Im Dokument CIRCULATION AND CONTROL (Seite 195-198)

Robinson appealed both the injunction and the order for the Master’s formal inquiry into gallery rules. The Court of Appeal determined that the inquiry was not necessary because the case could be decided on the basis of breach of confidence. Robinson did not deny having imitated the composition and details of Wallis’s painting. For the Lord Chancellor, it was clear that Robinson did not have the right to do this, and that he knew as much. Turner had published a warning to photographers and Robinson never denied having seen this warning.

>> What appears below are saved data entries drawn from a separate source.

text \<open>Squaring a function supported on an open bisection U is local: cstar n * n lives on the
  unit space and its value at d(\<beta>) is |n(\<beta>)|^2 for \<beta> \<in> U.  On the C*-algebra side,
  elements supported on bisections have reduced norm equal to their sup norm, so C_0(U)
  consists of uniform limits of functions in C_c(U), and this identity passes to
  C_0(U).  Applying \<phi>, whose image of cstar n * n is evaluated at \<sigma>(d \<alpha>) = d(\<Phi> \<alpha>) and of
  n is supported on the bisection \<psi>(U), gives |\<phi>(n)(\<Phi> \<alpha>)|^2 = |n(\<alpha>)|^2.  Applied to the
  combination n'(\<alpha>) n - n(\<alpha>) n', which vanishes at \<alpha>, the same identity shows
  \<phi>(n)(\<Phi> \<alpha>) / n(\<alpha>) = \<phi>(n')(\<Phi> \<alpha>) / n'(\<alpha>) for n, n' on a common bisection; two arbitrary
  bisections are reduced to their intersection by a cutoff function at \<alpha>.\<close>

lemma exists_cutoff_function:
  fixes W :: "'a::t2_space set"
  assumes lc: "locally_compact_space (euclidean :: 'a topology)" and W: "open W" "a \<in> W"
  obtains k :: "'a \<Rightarrow> real" where "continuous_on UNIV k" "k a = 1" "\<And>x. \<bar>k x\<bar> \<le> 1"
    "compact (closure {x. k x \<noteq> 0})" "closure {x. k x \<noteq> 0} \<subseteq> W"
proof -
  have H: "Hausdorff_space (euclidean :: 'a topology)"
    unfolding Hausdorff_space_def disjnt_def using hausdorff by auto
  have CR: "completely_regular_space (euclidean :: 'a topology)"
    using locally_compact_regular_imp_completely_regular_space lc H by blast
  obtain V K where VK: "open V" "compact K" "a \<in> V" "V \<subseteq> K" "K \<subseteq> W"
  proof -
    have "neighbourhood_base_of (compactin euclidean) (euclidean :: 'a topology)"
      using locally_compact_space_neighbourhood_base H lc by blast
    then obtain V K where "openin euclidean V" "compactin euclidean K" "a \<in> V" "V \<subseteq> K" "K \<subseteq> W"
      using W unfolding neighbourhood_base_of by (metis open_openin)
    then show ?thesis by (intro that[of V K]) (simp_all add: compactin_euclidean_iff)
  qed
  obtain f :: "'a \<Rightarrow> real" where f: "continuous_map euclidean (top_of_set {0..1}) f"
      "f a = 0" "f ` (- V) \<subseteq> {1}"
  proof -
    have "closedin euclidean (- V)" using VK(1) by (simp add: closed_closedin[symmetric] open_closed)
    moreover have "a \<in> topspace euclidean - (- V)" using VK(3) by simp
    ultimately show ?thesis using CR that unfolding completely_regular_space_def by blast
  qed
  have fc: "continuous_on UNIV f" and f01: "\<And>x. f x \<in> {0..1}"
    using f(1) by (auto simp: continuous_map_in_subtopology)
  define k where "k x = 1 - f x" for x
  have "{x. k x \<noteq> 0} \<subseteq> K" using f(3) VK(4) by (auto simp: k_def)
  then have cl: "closure {x. k x \<noteq> 0} \<subseteq> K"
    by (rule closure_minimal) (rule compact_imp_closed[OF VK(2)])
  show ?thesis
  proof
    show "continuous_on UNIV k" unfolding k_def by (intro continuous_intros fc)
    show "k a = 1" by (simp add: k_def f(2))
    show "\<bar>k x\<bar> \<le> 1" for x using f01[of x] by (auto simp: k_def)
    show "compact (closure {x. k x \<noteq> 0})"
      using compact_Int_closed[OF VK(2) closed_closure[of "{x. k x \<noteq> 0}"]] cl by (simp add: Int_absorb1)
    show "closure {x. k x \<noteq> 0} \<subseteq> W" using cl VK(5) by blast
  qed
qed
(* Consider the Variance-shifting Procedure described in the context, and suppose that in iteration $k$ the procedure reaches Step 2 (i.e. $\mathrm{Reroute}(\mathcal{A}_{k-1},\tau)$ was feasible with optimal solution $(\bar p^k,\bar f^k,\bar\theta^k)$). Let $(\bar f,\mathcal{A})$ be an arbitrary compatible pair. Then there exists $0<\gamma\le 1$ such that for all $0\le t\le\gamma$, the pair $$\bigl((1-t)\bar f^k+t\bar f,\;(1-t)\mathcal{A}_{k-1}+t\mathcal{A}\bigr)$$ is compatible.
   Context: Network (DC model): bus set $\mathcal{B}$, $n=|\mathcal{B}|$; line set $\mathcal{E}$, $m=|\mathcal{E}|$; each line $ij$ has susceptance $b_{ij}>0$ and limit $f^{\max}_{ij}>0$. $B$ is the $n\times n$ bus susceptance matrix; $\hat B$ is $B$ with last row and column removed (assumed invertible); $\breve B=\begin{pmatrix}\hat B^{-1}&0\\0&0\end{pmatrix}$ with $i$-th row $\breve B_i$; $\pi_{ij}=\breve B_i^T-\breve B_j^T$. $\mathcal{G}\subseteq\mathcal{B}$ is the set of generator buses, with limits $p_i^{\min}\le p_i^{\max}$ and costs $c_i(p)=c_{i0}p^2+c_{i1}p+c_{i2}$, $c_{i0}\ge 0$. $d\in\mathbb{R}^n$ are loads, $\mu\in\mathbb{R}^n$ mean stochastic injections, $\omega$ a zero-mean random vector with covariance $\Omega$. $\mathcal{K}$ is a given convex set of $n\times n$ participation matrices $\mathcal{A}$ (with rows $\mathcal{A}_i$). Safety parameters $\nu_{ij}\ge0$ (lines) and $\nu_i\ge0$ (generators) are given. For a matrix $\mathcal{A}$, $\mathbf{V}(\mathcal{A})\in\mathbb{R}^m$ has entries $\mathbf{V}(\mathcal{A})_{ij}=b_{ij}^2\pi_{ij}^T(I-\mathcal{A})\Omega(I-\mathcal{A}^T)\pi_{ij}$ (line flow variances). Compatibility: a pair $(\bar f,\mathcal{A})$ with $\bar f\in\mathbb{R}^m$ is compatible if $\mathcal{A}\in\mathcal{K}$ and there exist $\bar p\in\mathbb{R}^n$ (with $\bar p_i=0$ for $i\notin\mathcal{G}$) and $\bar\theta\in\mathbb{R}^n$ with $B\bar\theta=\bar p+\mu-d$; $\bar f_{ij}=b_{ij}(\bar\theta_i-\bar\theta_j)$ and $|\bar f_{ij}|+\nu_{ij}\sqrt{\mathbf{V}(\mathcal{A})_{ij}}\le f^{\max}_{ij}$ for all $ij\in\mathcal{E}$; and $p_i^{\min}+\nu_i\sqrt{\mathcal{A}_i^T\Omega\mathcal{A}_i}\le\bar p_i\le p_i^{\max}-\nu_i\sqrt{\mathcal{A}_i^T\Omega\mathcal{A}_i}$ for all $i\in\mathcal{G}$ (i.e. they extend to a feasible solution of the safety-constrained DC-OPF, whose objective is $\sum_{i\in\mathcal{G}}[c_{i0}(\bar p_i^2+\mathcal{A}_i^T\Omega\mathcal{A}_i)+c_{i1}\bar p_i+c_{i2}]$). Variance metric: for each line $ij$ a convex nondecreasing function $\Delta_{ij}:[0,\infty)\to[0,\infty)$, and for each flow vector $\bar f$ a set $\mathcal{F}(\bar f)\subseteq\mathcal{E}$ depending only on $\bar f$; $\Delta(\bar f,s^2)=\sum_{ij\in\mathcal{F}(\bar f)}\Delta_{ij}(s^2_{ij})$. Subproblems. For $\hat{\mathcal{A}}\in\mathcal{K}$ and $0<\tau<1$, $\mathrm{Reroute}(\hat{\mathcal{A}},\tau)$ is: minimize $\sum_{i\in\mathcal{G}}[c_{i0}(\bar p_i^2+\hat{\mathcal{A}}_i^T\Omega\hat{\mathcal{A}}_i)+c_{i1}\bar p_i+c_{i2}]$ over $\bar p,\bar f,\bar\theta$ subject to $B\bar\theta=\bar p+\mu-d$, $\bar f_{ij}=b_{ij}(\bar\theta_i-\bar\theta_j)$, $|\bar f_{ij}|+\nu_{ij}\sqrt{\mathbf{V}(\hat{\mathcal{A}})_{ij}}\le(1-\tau)f^{\max}_{ij}$ for all $ij\in\mathcal{E}$, and the generator constraints above with $\hat{\mathcal{A}}$. For $\bar f'$, $\mathcal{A}'$, let $\mathbf{T}(\bar f',\mathcal{A}',\tau)=\{ij\in\mathcal{E}:|\bar f'_{ij}|+\nu_{ij}\sqrt{\mathbf{V}(\mathcal{A}')_{ij}}\ge(1-\tau)f^{\max}_{ij}\}$. $\mathrm{VShift}(\bar f',\mathcal{A}',\tau)$ is: minimize $\sum_{ij\in\mathcal{F}(\bar f')}\Delta_{ij}(s_{ij}^2)$ over $s\in\mathbb{R}^m_{\ge0}$, $\mathcal{A}$ subject to $\mathcal{A}\in\mathcal{K}$, $s_{ij}^2\ge\mathbf{V}(\mathcal{A})_{ij}$ for all $ij\in\mathcal{E}$, and $|\bar f'_{ij}|+\nu_{ij}s_{ij}\le f^{\max}_{ij}$ for $ij\in\mathbf{T}(\bar f',\mathcal{A}',\tau)$. Variance-shifting Procedure. Input: a feasible solution $(\bar p^0,\bar f^0,\mathcal{A}_0)$ of the safety-constrained problem (so $(\bar f^0,\mathcal{A}_0)$ is compatible), the metric $\Delta$, $0<\tau<1$, and an iteration bound $N\ge1$; set $s^2_0=\mathbf{V}(\mathcal{A}_0)$. For $k=1,\dots,N$: (1) solve $\mathrm{Reroute}(\mathcal{A}_{k-1},\tau)$; if infeasible, stop; else let $(\bar p^k,\bar f^k,\bar\theta^k)$ be an optimal solution. (2) Solve $\mathrm{VShift}(\bar f^k,\mathcal{A}_{k-1},\tau)$, with optimal solution $(\hat s_k,\hat{\mathcal{A}}_k)$. (3) Choose the largest $\lambda\in(0,1]$ such that $(\bar f^k,(1-\lambda)\mathcal{A}_{k-1}+\lambda\hat{\mathcal{A}}_k)$ is compatible. (4) Set $\mathcal{A}_k=(1-\lambda)\mathcal{A}_{k-1}+\lambda\hat{\mathcal{A}}_k$ and $s^2_k=\mathbf{V}(\mathcal{A}_k)$. (5) If $\Delta(\bar f^k,s^2_k)\ge\Delta(\bar f^{k-1},s^2_{k-1})$, stop; otherwise reset $\tau\leftarrow\tau/2$ and continue. *)

theory Defs
  imports "HOL-Analysis.Analysis"
begin

text \<open>
  Buses are 0..<nb (the last bus is nb-1),
  lines are 0..<nl; line l connects bus fr l to bus to l.
  n x n matrices and vectors are functions on nat, only entries below nb matter.
\<close>

record net =
  nb :: nat
  nl :: nat
  fr :: "nat \<Rightarrow> nat"
  to :: "nat \<Rightarrow> nat"
  sus :: "nat \<Rightarrow> real"
  fmax :: "nat \<Rightarrow> real"
  gens :: "nat set"
  pmin :: "nat \<Rightarrow> real"
  pmax :: "nat \<Rightarrow> real"
  c0 :: "nat \<Rightarrow> real"
  c1 :: "nat \<Rightarrow> real"
  c2 :: "nat \<Rightarrow> real"
  load :: "nat \<Rightarrow> real"
  mu :: "nat \<Rightarrow> real"
  Omega :: "nat \<Rightarrow> nat \<Rightarrow> real"
  Kset :: "(nat \<Rightarrow> nat \<Rightarrow> real) set"
  nu_line :: "nat \<Rightarrow> real"
  nu_gen :: "nat \<Rightarrow> real"

definition delta :: "nat \<Rightarrow> nat \<Rightarrow> real" where
  "delta i j = (if i = j then 1 else 0)"

definition Bmat :: "net \<Rightarrow> nat \<Rightarrow> nat \<Rightarrow> real" where
  "Bmat N i j = (\<Sum>l<nl N. sus N l * (delta (fr N l) i - delta (to N l) i)
                                    * (delta (fr N l) j - delta (to N l) j))"

text \<open>M is a two-sided inverse of hat B (B without last row/column), padded by zeros.\<close>
definition is_hatB_inv :: "net \<Rightarrow> (nat \<Rightarrow> nat \<Rightarrow> real) \<Rightarrow> bool" where
  "is_hatB_inv N M \<longleftrightarrow>
     (\<forall>i<nb N - 1. \<forall>j<nb N - 1. (\<Sum>k<nb N - 1. M i k * Bmat N k j) = delta i j) \<and>
     (\<forall>i<nb N - 1. \<forall>j<nb N - 1. (\<Sum>k<nb N - 1. Bmat N i k * M k j) = delta i j) \<and>
     (\<forall>i j. \<not> (i < nb N - 1 \<and> j < nb N - 1) \<longrightarrow> M i j = 0)"

definition Bbreve :: "net \<Rightarrow> nat \<Rightarrow> nat \<Rightarrow> real" where
  "Bbreve N = (THE M. is_hatB_inv N M)"

definition piv :: "net \<Rightarrow> nat \<Rightarrow> nat \<Rightarrow> real" where
  "piv N l k = Bbreve N (fr N l) k - Bbreve N (to N l) k"

definition Vvar :: "net \<Rightarrow> (nat \<Rightarrow> nat \<Rightarrow> real) \<Rightarrow> nat \<Rightarrow> real" where
  "Vvar N A l =
     (let w = (\<lambda>k. \<Sum>j<nb N. piv N l j * (delta j k - A j k))
      in (sus N l)\<^sup>2 * (\<Sum>k<nb N. \<Sum>k'<nb N. w k * Omega N k k' * w k'))"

Robinson’s own advertisement, which responded to the allegation of piracy by insisting that he had photographed from a living model, also suggested to the court that Robinson knew that copying the painting was forbidden.103 The Lord Justice of Appeal also found that Robinson had acted surreptitiously and was in breach of confidence. He cited the fact that Robinson had not copied the painting in Cranfield’s Gallery, but reproduced the scene in his own studio, as further proof that he knew that he was not allowed to copy it.104

It will be recalled that Robinson denied having copied the painting at all. His goal was not to produce a single-image photograph but a stereoscopic view. Since the photographs that appeared on his stereo cards were taken from a live model and props in his studio, he did not see how they could be considered copies of the painting. His counsel added that the resulting stereo cards could not be said to harm the sale of the engraving because they were produced in a different manner and for a different purpose.105

That argument echoed the judge’s decision in the case of Martin v. Wright (1833), which is fully discussed in Simon Stern’s chapter in

102 Ibid.

103 Turner, 10 Ch. at 512–518.

104 Ibid. at 519.

105 Turner, 10 Ir. Ch. at 130.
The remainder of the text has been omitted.